# best caliber for the southeast??



## autumnrider (Feb 2, 2010)

I would like to get ideas on which caliber would you prefer for different types of terrain. 
 We have open timber, crop field, hay fields, newly cut clear cuts to super nasty thick stuff. Shots on average will probably be 250 yards and closer. We use the shot gun alot, but sometimes the coyotes will not come in and we wish we had our rifles.
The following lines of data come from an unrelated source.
(* Let $\theta:\mathbb R\to\mathbb R$ be nondecreasing with $\theta(x+\pi)=\theta(x)+\pi$ for all $x$. For $0\le\tau\le\pi/2$ define \[ J(\tau)=\frac1{2\pi}\int_0^{2\pi}\sin^2\frac{\theta(x+\tau)-\theta(x-\tau)}{2}\,\mathrm dx . \] If $M$ is nonnegative and nonincreasing on $[0,\pi/2]$, then \[ \int_0^{\pi/2}M(\tau)J(\tau)\,\mathrm d\tau\le\frac2\pi\int_0^{\pi/2}M(\tau)\,\tau\,\mathrm d\tau . \] *)

theory Defs
  imports "HOL-Analysis.Analysis"
begin

definition J :: "(real \<Rightarrow> real) \<Rightarrow> real \<Rightarrow> real" where
  "J \<theta> \<tau> = (1 / (2 * pi)) *
     integral {0..2 * pi} (\<lambda>x. (sin ((\<theta> (x + \<tau>) - \<theta> (x - \<tau>)) / 2))\<^sup>2)"

end

theory Submission
  imports Defs
begin

(* Write hav u = sin^2 (u / 2) = (1 - cos u) / 2, so that J t is the mean of
   hav (theta (x + t) - theta (x - t)). Since hav u + hav (pi - u) = 1 and
   theta (x + pi) = theta x + pi, shifting x by pi / 2 gives J t + J (pi / 2 - t) = 1: the function
   J t - 2 t / pi is odd about pi / 4. Pairing t with pi / 2 - t, the theorem follows from the
   monotonicity of M once J t <= 2 t / pi on [0, pi / 4].

   J is nondecreasing in t, so it suffices to show J t <= m / n at t = pi m / (2 n) with 2 m <= n.
   Sampling x on the grid c + k pi / n turns the integrand into window sums
   sum_(k < n) hav (q (k + m) - q k) of nondecreasing sequences with q (k + n) = q k + pi. Such a sum
   equals m when n = 2 m, and deleting one point per period does not decrease it. The latter is the
   exchange inequality sum_(s <= k) hav (b s - a s) <= sum_(s < k) hav (b (s + 1) - a s) for a
   nondecreasing chain a 0 <= ... <= a k = b 0 <= ... <= b k of span at most pi, proved by induction
   on k from the superadditivity of hav on [0, pi] and the concavity of differences of hav. *)

section \<open>Haversine\<close>

definition hav :: "real \<Rightarrow> real" where
  "hav u = (1 - cos u) / 2"

lemma sin_half_squared_eq_hav: "(sin (u / 2))\<^sup>2 = hav u"
  using cos_double_sin[of "u / 2"] by (simp add: hav_def)

lemma hav_0 [simp]: "hav 0 = 0"
  by (simp add: hav_def)

lemma hav_pi [simp]: "hav pi = 1"
  by (simp add: hav_def)

lemma hav_minus [simp]: "hav (- u) = hav u"
  by (simp add: hav_def)

lemma hav_add_hav_pi_minus: "hav u + hav (pi - u) = 1"
  by (simp add: hav_def field_simps)

lemma hav_bounds: "0 \<le> hav u" "hav u \<le> 1"
  by (simp_all add: hav_def)

lemma hav_mono: "0 \<le> x \<Longrightarrow> x \<le> y \<Longrightarrow> y \<le> pi \<Longrightarrow> hav x \<le> hav y"
  using cos_monotone_0_pi_le[of x y] by (simp add: hav_def)

lemma concave_on_hav_diff:
  assumes "convex S" and "\<And>y. y \<in> S \<Longrightarrow> cos (y - A) \<le> cos (y - B)"
  shows "concave_on S (\<lambda>y. hav (y - A) - hav (y - B))"
proof (rule f''_le0_imp_concave)
  show "((\<lambda>y. hav (y - A) - hav (y - B))
      has_real_derivative (sin (y - A) - sin (y - B)) / 2) (at y)" for y
    unfolding hav_def by (auto intro!: derivative_eq_intros simp: field_simps)
  show "((\<lambda>y. (sin (y - A) - sin (y - B)) / 2)
      has_real_derivative (cos (y - A) - cos (y - B)) / 2) (at y)" for y
    by (auto intro!: derivative_eq_intros simp: field_simps)
qed (use assms in auto)

lemma concave_on_hav_diff_rev:
  assumes "convex S" and "\<And>y. y \<in> S \<Longrightarrow> cos (A - y) \<le> cos (B - y)"
  shows "concave_on S (\<lambda>y. hav (A - y) - hav (B - y))"
proof -
  have cos_sym: "cos (y - C) = cos (C - y)" for y C :: real
    using cos_minus[of "C - y"] by simp
  have "concave_on S (\<lambda>y. hav (y - A) - hav (y - B))"
    by (intro concave_on_hav_diff assms(1)) (metis assms(2) cos_sym)
  moreover have "(\<lambda>y. hav (y - A) - hav (y - B)) = (\<lambda>y. hav (A - y) - hav (B - y))"
    by (intro ext) (metis hav_minus minus_diff_eq)
  ultimately show ?thesis
    by simp
qed

lemma hav_superadditive:
  assumes "0 \<le> x" "0 \<le> y" "x + y \<le> pi"
  shows "hav x + hav y \<le> hav (x + y)"
proof -
  have "concave_on {0..pi - y} (\<lambda>t. hav (t - - y) - hav (t - 0))"
    using assms by (intro concave_on_hav_diff) (auto intro!: cos_monotone_0_pi_le)
  from concave_on_ge_min[OF this, of x]
  have "min (hav (0 + y) - hav 0) (hav (pi - y + y) - hav (pi - y)) \<le> hav (x + y) - hav x"
    using assms by simp
  then show ?thesis
    using hav_add_hav_pi_minus[of y] by simp
qed

section \<open>An exchange inequality for chains of span at most pi\<close>

definition pi_chain :: "nat \<Rightarrow> (nat \<Rightarrow> real) \<Rightarrow> (nat \<Rightarrow> real) \<Rightarrow> bool" where
  "pi_chain k a b \<longleftrightarrow>
     (\<forall>s<k. a s \<le> a (Suc s)) \<and> (\<forall>s<k. b s \<le> b (Suc s)) \<and> a k = b 0 \<and> b k - a 0 \<le> pi"

definition aligned_hav_sum :: "nat \<Rightarrow> (nat \<Rightarrow> real) \<Rightarrow> (nat \<Rightarrow> real) \<Rightarrow> real" where
  "aligned_hav_sum k a b = (\<Sum>s\<le>k. hav (b s - a s))"

definition shifted_hav_sum :: "nat \<Rightarrow> (nat \<Rightarrow> real) \<Rightarrow> (nat \<Rightarrow> real) \<Rightarrow> real" where
  "shifted_hav_sum k a b = (\<Sum>s<k. hav (b (Suc s) - a s))"

lemma lift_Suc_mono_le_bounded:
  fixes a :: "nat \<Rightarrow> 'a::order"
  assumes "\<forall>s<k. a s \<le> a (Suc s)" and "i \<le> j" and "j \<le> k"
  shows "a i \<le> a j"
  by (rule lift_Suc_mono_le_ivl[of "{..<k}"]) (use assms in auto)

lemma aligned_le_shifted_if_first_eq:
  assumes IH: "\<And>a b. pi_chain k a b \<Longrightarrow> aligned_hav_sum k a b \<le> shifted_hav_sum k a b"
    and chain: "pi_chain (Suc k) a b" and eq: "a 0 = a 1"
  shows "aligned_hav_sum (Suc k) a b \<le> shifted_hav_sum (Suc k) a b"
proof -
  define a' where "a' s = a (Suc s)" for s
  define b' where "b' s = (if s = 0 then b 0 else b (Suc s))" for s
  have am: "\<forall>s<Suc k. a s \<le> a (Suc s)" and bm: "\<forall>s<Suc k. b s \<le> b (Suc s)"
    and ab: "a (Suc k) = b 0" and span: "b (Suc k) - a 0 \<le> pi"
    using chain by (auto simp: pi_chain_def)
  have "b 0 \<le> b 2" if "0 < k"
    using lift_Suc_mono_le_bounded[OF bm, of 0 2] that by simp
  then have "pi_chain k a' b'"
    using am bm ab span eq by (auto simp: pi_chain_def a'_def b'_def numeral_2_eq_2 less_Suc_eq_0_disj)
  then have "aligned_hav_sum k a' b' \<le> shifted_hav_sum k a' b'"
    by (rule IH)
  moreover have "aligned_hav_sum (Suc k) a b = hav (b 1 - a 1) + aligned_hav_sum k a' b'"
    unfolding aligned_hav_sum_def
    by (simp only: sum.atMost_shift sum.lessThan_Suc_shift) (simp add: a'_def b'_def eq)
  moreover have "shifted_hav_sum (Suc k) a b = hav (b 1 - a 1) + shifted_hav_sum k a' b'"
    unfolding shifted_hav_sum_def
    by (simp only: sum.lessThan_Suc_shift) (simp add: a'_def b'_def eq)
  ultimately show ?thesis
    by simp
qed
What would you recomend for the all around caliber??


----------



## youngdon (Mar 10, 2010)

Savage makes that over under shotgun rifle that might be an ideal choice for you. Swampbuck10pt has a few of them and some others here do also. They would be a good contact for you.


----------



## ebbs (Feb 7, 2010)

Ooooooh, cool suggestion. Just looked at one of those last Friday wen I was trying to hunt down my Edge. I think it's called the 24F or something like that. 223 over 12 gauge seems like it could be ideal!


----------



## poe (Feb 10, 2010)

if your shots are going to be 300 and under the .223 would be pretty sweet. If you want to save hides I would look into a .17 remington however one major bonus for the .223 is they are supper cheap to shoot.


----------



## youngdon (Mar 10, 2010)

ebbs said:


> Ooooooh, cool suggestion. Just looked at one of those last Friday wen I was trying to hunt down my Edge. I think it's called the 24F or something like that. 223 over 12 gauge seems like it could be ideal!


I think you're right ebbs.


----------